Optimizing Agent Workflows for Modern LLMs
Writing effective agent skills requires deep knowledge of prompt engineering. With the release of advanced reasoning models like Claude 3.5 Sonnet, ChatGPT o1, and DeepSeek-V3, prompt templates must focus on structured thinking. Developers are encouraged to use XML tags (e.g., <thought>, <context>, and <rules>) to isolate execution boundaries. Standardized prompts prevent agents from suffering from context drift, ensuring that long-running tasks remain aligned with the initial system parameters.

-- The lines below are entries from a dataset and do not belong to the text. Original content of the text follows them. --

definition sat :: "'c valuation \<Rightarrow> 'c guard \<Rightarrow> bool" where
  "sat v g \<longleftrightarrow> (\<forall>a \<in> set g. sat_atom v a)"

datatype 'c instr = Guard "'c guard" | Change "'c set"

type_synonym 'c prog = "'c instr list"
type_synonym ('q, 'a, 'c) transition = "'q \<times> 'a \<times> 'c prog \<times> 'q"

record ('q, 'a, 'c) gta =
  gta_init :: "('q \<times> 'c guard) set"
  gta_trans :: "('q, 'a, 'c) transition set"

definition is_gta :: "('q, 'a, 'c) gta \<Rightarrow> bool" where
  "is_gta A \<longleftrightarrow> finite (gta_init A) \<and> finite (gta_trans A)"

definition t_src :: "('q, 'a, 'c) transition \<Rightarrow> 'q" where
  "t_src t = (case t of (q, a, p, q') \<Rightarrow> q)"
definition t_prog :: "('q, 'a, 'c) transition \<Rightarrow> 'c prog" where
  "t_prog t = (case t of (q, a, p, q') \<Rightarrow> p)"
definition t_tgt :: "('q, 'a, 'c) transition \<Rightarrow> 'q" where
  "t_tgt t = (case t of (q, a, p, q') \<Rightarrow> q')"

definition change :: "'c set \<Rightarrow> 'c set \<Rightarrow> 'c valuation \<Rightarrow> 'c valuation set" where
  "change XF R v = {u. is_val XF u \<and> (\<forall>x \<in> R. x \<notin> XF \<longrightarrow> u x = 0)
                        \<and> (\<forall>x. x \<notin> R \<longrightarrow> u x = v x)}"

fun prog_sem :: "'c set \<Rightarrow> 'c prog \<Rightarrow> 'c valuation \<Rightarrow> 'c valuation \<Rightarrow> bool" where
  "prog_sem XF [] v v' = (v' = v)"
| "prog_sem XF (Guard g # p) v v' = (sat v g \<and> prog_sem XF p v v')"
| "prog_sem XF (Change R # p) v v' = (\<exists>u \<in> change XF R v. prog_sem XF p u v')"
lemma cochains_gl_add_mult:
  assumes g: "g \<in> cochains n (gl_alg n) k s" and h: "h \<in> cochains n (gl_alg n) k s" and s: "s \<le> k + 1"
  shows "(\<lambda>ys xs i. g ys xs i + c * h ys xs i) \<in> cochains n (gl_alg n) k s"
proof (rule cochainsI[OF _ s])
  fix ys xs i assume "g ys xs i + c * h ys xs i \<noteq> 0"
  then have "g ys xs i \<noteq> 0 \<or> h ys xs i \<noteq> 0" by auto
  then show "length ys = s \<and> (\<forall>y\<in>set ys. y < n)"
    using cochains_supportD[OF g] cochains_supportD[OF h] by blast
next
  fix ys
  show "(\<lambda>xs i. g ys xs i + c * h ys xs i) \<in> prolong n (gl_alg n) (k + 1 - s)"
    using cochains_valueD[OF g s, of ys] cochains_valueD[OF h s, of ys]
    by (simp add: prolong_gl_alg alt_tensors_add_mult)
next
  fix ys a b zs
  show "(\<lambda>xs i. g (ys @ a # b # zs) xs i + c * h (ys @ a # b # zs) xs i)
      = (\<lambda>xs i. g (ys @ b # a # zs) xs i + c * h (ys @ b # a # zs) xs i)"
    using cochains_symD[OF g, of ys a b zs] cochains_symD[OF h, of ys a b zs] by simp
qed

lemma coboundaries_2I: "h \<in> cochains n G0 k 1 \<Longrightarrow> spencer_d h = f \<Longrightarrow> f \<in> coboundaries n G0 k 2"
  unfolding coboundaries_def by (auto simp: numeral_2_eq_2)

lemma spencer_d_pair: "spencer_d g [a, b] xs i = g [b] (a # xs) i + g [a] (b # xs) i"
  unfolding spencer_d_def by (simp add: numeral_2_eq_2 lessThan_Suc)

lemma spencer_d_triple:
  "spencer_d g [a, b, c] xs i = g [b, c] (a # xs) i + g [a, c] (b # xs) i + g [a, b] (c # xs) i"
  unfolding spencer_d_def by (simp add: numeral_3_eq_3 numeral_2_eq_2 lessThan_Suc)

lemma spencer_d_eq_0_if_length:
  assumes "\<And>ys xs i. g ys xs i \<noteq> 0 \<Longrightarrow> length ys = m" and "length ys \<noteq> Suc m"
  shows "spencer_d g ys xs i = 0"
  unfolding spencer_d_def using assms by (intro sum.neutral) force

lemma spencer_d_add_mult:
  "spencer_d (\<lambda>ys xs i. g ys xs i + c * h ys xs i) ys xs i = spencer_d g ys xs i + c * spencer_d h ys xs i"
  unfolding spencer_d_def by (simp add: sum.distrib sum_distrib_left)

lemma spencer_d_nonzeroD:
  assumes "g \<in> cochains n G0 k s" "spencer_d g ys xs i \<noteq> 0"
  shows "length ys = Suc s"
proof (rule ccontr)
  assume "length ys \<noteq> Suc s"
  then have "spencer_d g ys xs i = 0"
    by (rule spencer_d_eq_0_if_length[rotated]) (use cochains_supportD[OF assms(1)] in blast)
  then show False using assms(2) by simp
qed

lemma length_eq_2_iff: "length ys = 2 \<longleftrightarrow> (\<exists>a b. ys = [a, b])"
  by (auto simp: numeral_2_eq_2 length_Suc_conv)

lemma length_eq_3_iff: "length ys = 3 \<longleftrightarrow> (\<exists>a b c. ys = [a, b, c])"
  by (auto simp: numeral_3_eq_3 length_Suc_conv)

lemma spencer_d_cochains_1:
  assumes "g \<in> cochains n (gl_alg n) k 1" "k > 0"
  shows "spencer_d g \<in> cochains n (gl_alg n) k 2"
proof -
  have gP: "g ys \<in> alt_tensors n k" for ys using cochains_1_valueD[OF assms(1)] by (simp add: prolong_gl_alg)
  have g1: "length ys = 1 \<and> (\<forall>y\<in>set ys. y < n)" if "g ys xs i \<noteq> 0" for ys xs i
    using cochains_supportD[OF assms(1) that] .
  have k: "k = Suc (k - 1)" using assms(2) by simp
  show ?thesis
  proof (rule cochains_2I[OF assms(2)])
    fix ys xs i assume nz: "spencer_d g ys xs i \<noteq> 0"
    then have "length ys = 2" using spencer_d_nonzeroD[OF assms(1)] by simp
    then obtain a b where ys: "ys = [a, b]" by (auto simp: length_eq_2_iff)
    then have "g [b] (a # xs) i \<noteq> 0 \<or> g [a] (b # xs) i \<noteq> 0" using nz by (auto simp: spencer_d_pair)
    then have "a < n \<and> b < n" using g1 alt_tensorsD[OF gP] by fastforce
    then show "length ys = 2 \<and> (\<forall>y\<in>set ys. y < n)" using ys by simp
  next
    fix ys
    show "spencer_d g ys \<in> prolong n (gl_alg n) (k - 1)"
    proof (cases "length ys = 2")
      case True
      then obtain a b where ys: "ys = [a, b]" by (auto simp: length_eq_2_iff)
      have "spencer_d g [a, b] = (\<lambda>xs i. g [b] (a # xs) i + 1 * g [a] (b # xs) i)"
        by (intro ext) (simp add: spencer_d_pair)
      moreover have "(\<lambda>xs i. g [b] (a # xs) i + 1 * g [a] (b # xs) i) \<in> alt_tensors n (k - 1)"
        using gP k by (intro alt_tensors_add_mult alt_tensors_Cons) simp_all
      ultimately show ?thesis using ys by (simp add: prolong_gl_alg)
    next
      case False
      then have "spencer_d g ys = (\<lambda>_ _. 0)"
        using spencer_d_nonzeroD[OF assms(1), of ys] by (intro ext) (auto simp: numeral_2_eq_2)
      then show ?thesis by (simp add: prolong_gl_alg zero_in_alt_tensors)
    qed
  next
    fix a b show "spencer_d g [a, b] = spencer_d g [b, a]"
      by (intro ext) (simp add: spencer_d_pair add.commute)
  qed
qed

lemma spencer_d_spencer_d_cochains_1:
  assumes "g \<in> cochains n (gl_alg n) k 1"
  shows "spencer_d (spencer_d g) = (\<lambda>_ _ _. 0)"
proof (intro ext)
  fix ys xs i
  have d2: "length ys = 2" if "spencer_d g ys xs i \<noteq> 0" for ys xs i
    using spencer_d_nonzeroD[OF assms that] by simp
  show "spencer_d (spencer_d g) ys xs i = 0"
  proof (cases "length ys = 3")
    case True
    then obtain a b c where ys: "ys = [a, b, c]" by (auto simp: length_eq_3_iff)
    have swap: "g [x] (y # z # xs) i = - g [x] (z # y # xs) i" for x y z
      using cochains_1_valueD[OF assms, of "[x]"]
      by (intro alternating_swap alt_tensors_alternating) (simp add: prolong_gl_alg)
    show ?thesis unfolding ys spencer_d_triple spencer_d_pair
      using swap[of c b a] swap[of b c a] swap[of a c b] by simp
  next
    case False
    then show ?thesis using spencer_d_eq_0_if_length[of "spencer_d g" 2] d2 by (simp add: numeral_3_eq_3)
  qed
qed

section \<open>Vanishing of \<open>H\<^sup>k\<^sup>,\<^sup>2\<close> for \<open>\<gg>\<ll>(n)\<close>\<close>

definition spencer_homotopy :: "nat \<Rightarrow> cochain \<Rightarrow> cochain" where
  "spencer_homotopy k f = (\<lambda>ys xs i. if length ys = 1
      then inverse (of_nat (k + 1)) * wedge_sum (\<lambda>c r. f [hd ys, c] r i) xs else 0)"
lemma po_le_iff_nonneg: "(a::'a::po_comm_ring) \<le> b \<longleftrightarrow> 0 \<le> b - a"
proof
  assume "a \<le> b" hence "a + - a \<le> b + - a" by (rule po_add_right_mono) thus "0 \<le> b - a" by simp
next
  assume "0 \<le> b - a" hence "0 + a \<le> b - a + a" by (rule po_add_right_mono) thus "a \<le> b" by simp
qed

lemma Loc_nonneg_iff:
  assumes "t \<in> Loc" shows "0 \<le> x * t \<longleftrightarrow> 0 \<le> (x::'a::po_comm_ring)"
  using assms Loc_nonneg po_mult_nonneg by (auto simp: Loc_def pos_cone_def)

lemma rl_le_respects:
  assumes "frac_rel (p, q) (p', q')" "frac_rel (r, s) (r', s')"
  shows "(p * s \<le> r * q) = (p' * s' \<le> r' * q')"
proof -
  have h: "q \<in> Loc" "q' \<in> Loc" "s \<in> Loc" "s' \<in> Loc" "p * q' = p' * q" "r * s' = r' * s"
    using assms by (auto simp: frac_rel_def)
  have e: "(r * q - p * s) * (q' * s') = (r' * q' - p' * s') * (q * s)"
  proof -
    have "(r * q - p * s) * (q' * s') = (r * s') * q * q' - (p * q') * s * s'" by (simp add: algebra_simps)
    also have "\<dots> = (r' * s) * q * q' - (p' * q) * s * s'" using h by simp
    also have "\<dots> = (r' * q' - p' * s') * (q * s)" by (simp add: algebra_simps)
    finally show ?thesis .
  qed
  have "(p * s \<le> r * q) = (0 \<le> (r * q - p * s) * (q' * s'))"
    using Loc_nonneg_iff[OF Loc_mult[OF h(2,4)]] po_le_iff_nonneg by blast
  also have "\<dots> = (0 \<le> (r' * q' - p' * s') * (q * s))" using e by simp
  also have "\<dots> = (p' * s' \<le> r' * q')"
    using Loc_nonneg_iff[OF Loc_mult[OF h(1,3)]] po_le_iff_nonneg by blast
  finally show ?thesis .
qed

lift_definition rl_le :: "'a::po_comm_ring rloc \<Rightarrow> 'a rloc \<Rightarrow> bool"
  is "\<lambda>(p, q) (r, s). p * s \<le> r * q"
  using rl_le_respects by fastforce

definition Rbd :: "'a::po_comm_ring rloc set" where
  "Rbd = {a. \<exists>n::nat. rl_le (rl_of (- of_nat n)) a \<and> rl_le a (rl_of (of_nat n))}"

text \<open>K(R): positive unital ring morphisms R^bd_loc \<rightarrow> \<real>. Functions are represented as
  total functions on R_loc that vanish outside R^bd_loc (extensional convention).\<close>
definition KR :: "('a::po_comm_ring rloc \<Rightarrow> real) set" where
  "KR = {\<phi>. (\<forall>a\<in>Rbd. \<forall>b\<in>Rbd. \<phi> (rl_add a b) = \<phi> a + \<phi> b)
            \<and> (\<forall>a\<in>Rbd. \<forall>b\<in>Rbd. \<phi> (rl_mult a b) = \<phi> a * \<phi> b)
            \<and> \<phi> (rl_of 1) = 1
            \<and> (\<forall>a\<in>Rbd. rl_le (rl_of 0) a \<longrightarrow> 0 \<le> \<phi> a)
            \<and> (\<forall>a. a \<notin> Rbd \<longrightarrow> \<phi> a = 0)}"

definition KR_topology :: "('a::po_comm_ring rloc \<Rightarrow> real) topology" where
  "KR_topology = topology_generated_by
     {{\<phi> \<in> KR. \<phi> a \<in> V} | a V. a \<in> Rbd \<and> open V}"

definition O_neg :: "'a::po_comm_ring rloc \<Rightarrow> ('a rloc \<Rightarrow> real) set" where
  "O_neg b = {\<psi> \<in> KR. \<psi> b < 0}"

end

theory Submission
  imports Defs
begin

(* Basic neighbourhoods of \<phi> are cut out by a finite set A of bounded elements, k = card A,
  and an \<epsilon> > 0.  Choose n with n\<epsilon> > k + 2, let p(a) be the integer nearest to n \<phi>(a), and
  put b = \<Sum>a\<in>A (n a - p(a))^2 - (k + 1)^2.  For every \<psi> \<in> K(R),
  \<psi>(b) = \<Sum>a\<in>A (n \<psi>(a) - p(a))^2 - (k + 1)^2.  At \<psi> = \<phi> each square is at most 1/4, so
  \<phi>(b) < 0; conversely \<psi>(b) < 0 forces |n \<psi>(a) - p(a)| < k + 1 for each a, hence
  n |\<psi>(a) - \<phi>(a)| < k + 2 < n\<epsilon>.  Scaling by n instead of dividing by n means that n is
  never inverted. *)

instance po_comm_ring \<subseteq> ordered_comm_ring
proof
  fix a b c :: "'a::po_comm_ring"
  assume "a \<le> b"
  then show "c + a \<le> c + b"
    using po_add_right_mono[of a b c] by (simp add: add.commute)
next
  fix a b c :: "'a::po_comm_ring"
  assume "a \<le> b" "0 \<le> c"
  then have "0 \<le> c * (b - a)"
    by (simp add: po_mult_nonneg po_le_iff_nonneg[of a b, symmetric])
  then show "c * a \<le> c * b"
    by (simp add: po_le_iff_nonneg[of "c * a"] right_diff_distrib)
qed

lemma po_zero_le_one: "(0::'a::po_comm_ring) \<le> 1"
  using po_square_nonneg[of "1::'a"] by simp

lemma po_of_nat_nonneg: "(0::'a::po_comm_ring) \<le> of_nat n"
  by (induct n) (simp_all add: add_nonneg_nonneg po_zero_le_one)

lemma mult_bounds_of_bounds:
  fixes r s N M :: "'a::{ordered_comm_ring, comm_ring_1}"
  assumes r: "- N \<le> r" "r \<le> N" and s: "- M \<le> s" "s \<le> M" and "0 \<le> N" "0 \<le> M"
  shows "- (3 * (N * M)) \<le> r * s" and "r * s \<le> 3 * (N * M)"
proof -
  \<comment> \<open>The bound N M itself would need halving, which a partial order does not allow.\<close>
  have "0 \<le> N - r" "0 \<le> N + r" "0 \<le> M - s" "0 \<le> M + s"
    using r s by (simp_all add: minus_le_iff add.commute[of N] flip: diff_minus_eq_add)
  then have "0 \<le> (N + r) * (M + s) + N * (M - s) + (N - r) * M"
    and "0 \<le> (N - r) * (M + s) + N * (M - s) + (N + r) * M"
    using \<open>0 \<le> N\<close> \<open>0 \<le> M\<close> by (simp_all add: add_nonneg_nonneg)
  then have "0 \<le> r * s + 3 * (N * M)" and "r * s \<le> 3 * (N * M)"
    by (simp_all add: algebra_simps)
  then show "- (3 * (N * M)) \<le> r * s" and "r * s \<le> 3 * (N * M)"
    by (simp_all add: minus_le_iff add.commute flip: diff_minus_eq_add)
qed

instantiation rloc :: (po_comm_ring) comm_ring_1
begin

lift_definition uminus_rloc :: "'a rloc \<Rightarrow> 'a rloc" is "\<lambda>(r, s). (- r, s)"
  by (auto simp: frac_rel_def)

definition "plus_rloc = rl_add"
definition "times_rloc = rl_mult"
definition "zero_rloc = rl_of 0"
definition "one_rloc = rl_of 1"
definition "minus_rloc a b = rl_add a (- b)" for a b :: "'a rloc"

instance
proof
  fix a b c :: "'a rloc"
  show "a + b + c = a + (b + c)" "a + b = b + a" "a * b * c = a * (b * c)" "a * b = b * a"
    "(a + b) * c = a * c + b * c"
    unfolding plus_rloc_def times_rloc_def
    by (transfer; clarsimp simp: frac_rel_def Loc_mult; simp add: algebra_simps)+
  show "0 + a = a" "- a + a = 0" "1 * a = a"
    unfolding plus_rloc_def times_rloc_def zero_rloc_def one_rloc_def
    by (transfer; clarsimp simp: frac_rel_def Loc_mult Loc_one; simp add: algebra_simps)+
  show "a - b = a + - b"
    unfolding plus_rloc_def minus_rloc_def ..
  show "(0::'a rloc) \<noteq> 1"
    unfolding zero_rloc_def one_rloc_def by transfer (simp add: frac_rel_def Loc_one)
qed

end

lemma rloc_cases:
  obtains r s where "x = abs_rloc (r, s)" "s \<in> Loc"
  by (induct x rule: rloc.abs_induct) (auto simp: frac_rel_def)

lemma frac_rel_refl_iff: "frac_rel (r, s) (r, s) \<longleftrightarrow> s \<in> Loc"
  by (simp add: frac_rel_def)

lemma plus_abs_rloc:
  "s \<in> Loc \<Longrightarrow> s' \<in> Loc \<Longrightarrow> abs_rloc (r, s) + abs_rloc (r', s') = abs_rloc (r * s' + r' * s, s * s')"
  unfolding plus_rloc_def by (simp add: rl_add.abs_eq frac_rel_refl_iff)

lemma times_abs_rloc:
  "s \<in> Loc \<Longrightarrow> s' \<in> Loc \<Longrightarrow> abs_rloc (r, s) * abs_rloc (r', s') = abs_rloc (r * r', s * s')"
  unfolding times_rloc_def by (simp add: rl_mult.abs_eq frac_rel_refl_iff)

lemma uminus_abs_rloc: "s \<in> Loc \<Longrightarrow> - abs_rloc (r, s) = abs_rloc (- r, s)"
  by (simp add: uminus_rloc.abs_eq frac_rel_refl_iff)

lemma abs_rloc_in_Rbd_iff:
  "s \<in> Loc \<Longrightarrow> abs_rloc (r, s) \<in> Rbd \<longleftrightarrow> (\<exists>n. - (of_nat n * s) \<le> r \<and> r \<le> of_nat n * s)"
  unfolding Rbd_def by (simp add: rl_of.abs_eq rl_le.abs_eq frac_rel_refl_iff Loc_one)

lemma Rbd_cases:
  assumes "a \<in> Rbd"
  obtains r s n where "a = abs_rloc (r, s)" "s \<in> Loc" "- (of_nat n * s) \<le> r" "r \<le> of_nat n * s"
  using assms abs_rloc_in_Rbd_iff by (metis rloc_cases)

lemma Rbd_add:
  assumes "a \<in> Rbd" "b \<in> Rbd"
  shows "a + b \<in> Rbd"
proof -
  obtain r s n where a: "a = abs_rloc (r, s)" "s \<in> Loc"
    and n: "- (of_nat n * s) \<le> r" "r \<le> of_nat n * s"
    using assms(1) by (rule Rbd_cases)
  obtain r' s' m where b: "b = abs_rloc (r', s')" "s' \<in> Loc"
    and m: "- (of_nat m * s') \<le> r'" "r' \<le> of_nat m * s'"
    using assms(2) by (rule Rbd_cases)
  have s: "0 \<le> s" "0 \<le> s'"
    using a b Loc_nonneg by auto
  have "- (of_nat n * s) * s' + - (of_nat m * s') * s \<le> r * s' + r' * s"
    by (intro add_mono mult_right_mono n m s)
  moreover have "r * s' + r' * s \<le> of_nat n * s * s' + of_nat m * s' * s"
    by (intro add_mono mult_right_mono n m s)
  ultimately have "- (of_nat (n + m) * (s * s')) \<le> r * s' + r' * s
      \<and> r * s' + r' * s \<le> of_nat (n + m) * (s * s')"
    by (simp add: algebra_simps)
  then show ?thesis
    using a b by (simp only: plus_abs_rloc abs_rloc_in_Rbd_iff Loc_mult) blast
qed

lemma Rbd_uminus:
  assumes "a \<in> Rbd"
  shows "- a \<in> Rbd"
proof -
  obtain r s n where a: "a = abs_rloc (r, s)" "s \<in> Loc"
    and n: "- (of_nat n * s) \<le> r" "r \<le> of_nat n * s"
    using assms by (rule Rbd_cases)
  then have "- (of_nat n * s) \<le> - r \<and> - r \<le> of_nat n * s"
    by (simp add: le_minus_iff minus_le_iff)
  then show ?thesis
    using a by (auto simp: uminus_abs_rloc abs_rloc_in_Rbd_iff)
qed

lemma Rbd_mult:
  assumes "a \<in> Rbd" "b \<in> Rbd"
  shows "a * b \<in> Rbd"
proof -
  obtain r s n where a: "a = abs_rloc (r, s)" "s \<in> Loc"
    and n: "- (of_nat n * s) \<le> r" "r \<le> of_nat n * s"
    using assms(1) by (rule Rbd_cases)
  obtain r' s' m where b: "b = abs_rloc (r', s')" "s' \<in> Loc"
    and m: "- (of_nat m * s') \<le> r'" "r' \<le> of_nat m * s'"
    using assms(2) by (rule Rbd_cases)
  have "0 \<le> of_nat n * s" "0 \<le> of_nat m * s'"
    using a b by (simp_all add: Loc_nonneg po_of_nat_nonneg)
  then have "- (3 * (of_nat n * s * (of_nat m * s'))) \<le> r * r'"
    and "r * r' \<le> 3 * (of_nat n * s * (of_nat m * s'))"
    using mult_bounds_of_bounds[OF n m] by simp_all
  then have "- (of_nat (3 * n * m) * (s * s')) \<le> r * r' \<and> r * r' \<le> of_nat (3 * n * m) * (s * s')"
    by (simp add: algebra_simps)
  then show ?thesis
    using a b by (simp only: times_abs_rloc abs_rloc_in_Rbd_iff Loc_mult) blast
qed

lemma Rbd_zero: "0 \<in> Rbd"
  unfolding zero_rloc_def rl_of.abs_eq by (auto simp: abs_rloc_in_Rbd_iff Loc_one po_of_nat_nonneg)

lemma Rbd_one: "1 \<in> Rbd"
proof -
  have "- 1 \<le> (1::'a::po_comm_ring)"
    using po_zero_le_one order_trans neg_le_0_iff_le by blast
  then show ?thesis
    unfolding one_rloc_def rl_of.abs_eq by (auto simp: abs_rloc_in_Rbd_iff Loc_one intro: exI[of _ 1])
qed

lemma Rbd_diff: "a \<in> Rbd \<Longrightarrow> b \<in> Rbd \<Longrightarrow> a - b \<in> Rbd"
  by (metis Rbd_add Rbd_uminus diff_conv_add_uminus)

lemma Rbd_of_nat: "of_nat n \<in> Rbd"
  by (induct n) (simp_all add: Rbd_add Rbd_zero Rbd_one)

lemma Rbd_of_int: "of_int z \<in> Rbd"
  by (cases z rule: int_cases2) (simp_all add: Rbd_uminus Rbd_of_nat)

lemma Rbd_power: "a \<in> Rbd \<Longrightarrow> a ^ k \<in> Rbd"
  by (induct k) (simp_all add: Rbd_mult Rbd_one)

lemma Rbd_sum: "(\<And>x. x \<in> A \<Longrightarrow> f x \<in> Rbd) \<Longrightarrow> sum f A \<in> Rbd"
  by (induct A rule: infinite_finite_induct) (simp_all add: Rbd_add Rbd_zero)

context
  fixes \<psi> :: "'a::po_comm_ring rloc \<Rightarrow> real"
  assumes \<psi>: "\<psi> \<in> KR"
begin

lemma KR_add: "a \<in> Rbd \<Longrightarrow> b \<in> Rbd \<Longrightarrow> \<psi> (a + b) = \<psi> a + \<psi> b"
  using \<psi> unfolding KR_def plus_rloc_def by blast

Exploring by SOC Occupations and Creator Profiles
What makes SkillMD unique is its taxonomy. Instead of simple text search, we parse and organize files according to the Standard Occupational Classification (SOC) system. This means you can discover skills written for Computer and Mathematical roles, Business and Financial operations, Legal, Design, and and Educational Instruction fields. By tracking creator profiles, developers can study how different teams organize their custom instructions, compare version updates, and fork public configs for specialized enterprise use cases.
SkillMD operates as a high-performance index running on a fast Go backend and a highly responsive Astro SSR frontend. All search queries execute in milliseconds, featuring smart debouncing to prevent multiple API requests while keeping user data secure. Join our community of developers to standardize your AI agent instructions and optimize your LLM prompting workflows today.
Frequently Asked Questions
A practical guide to agent skills: what they are, how to inspect them, and how SkillMD helps you explore the ecosystem.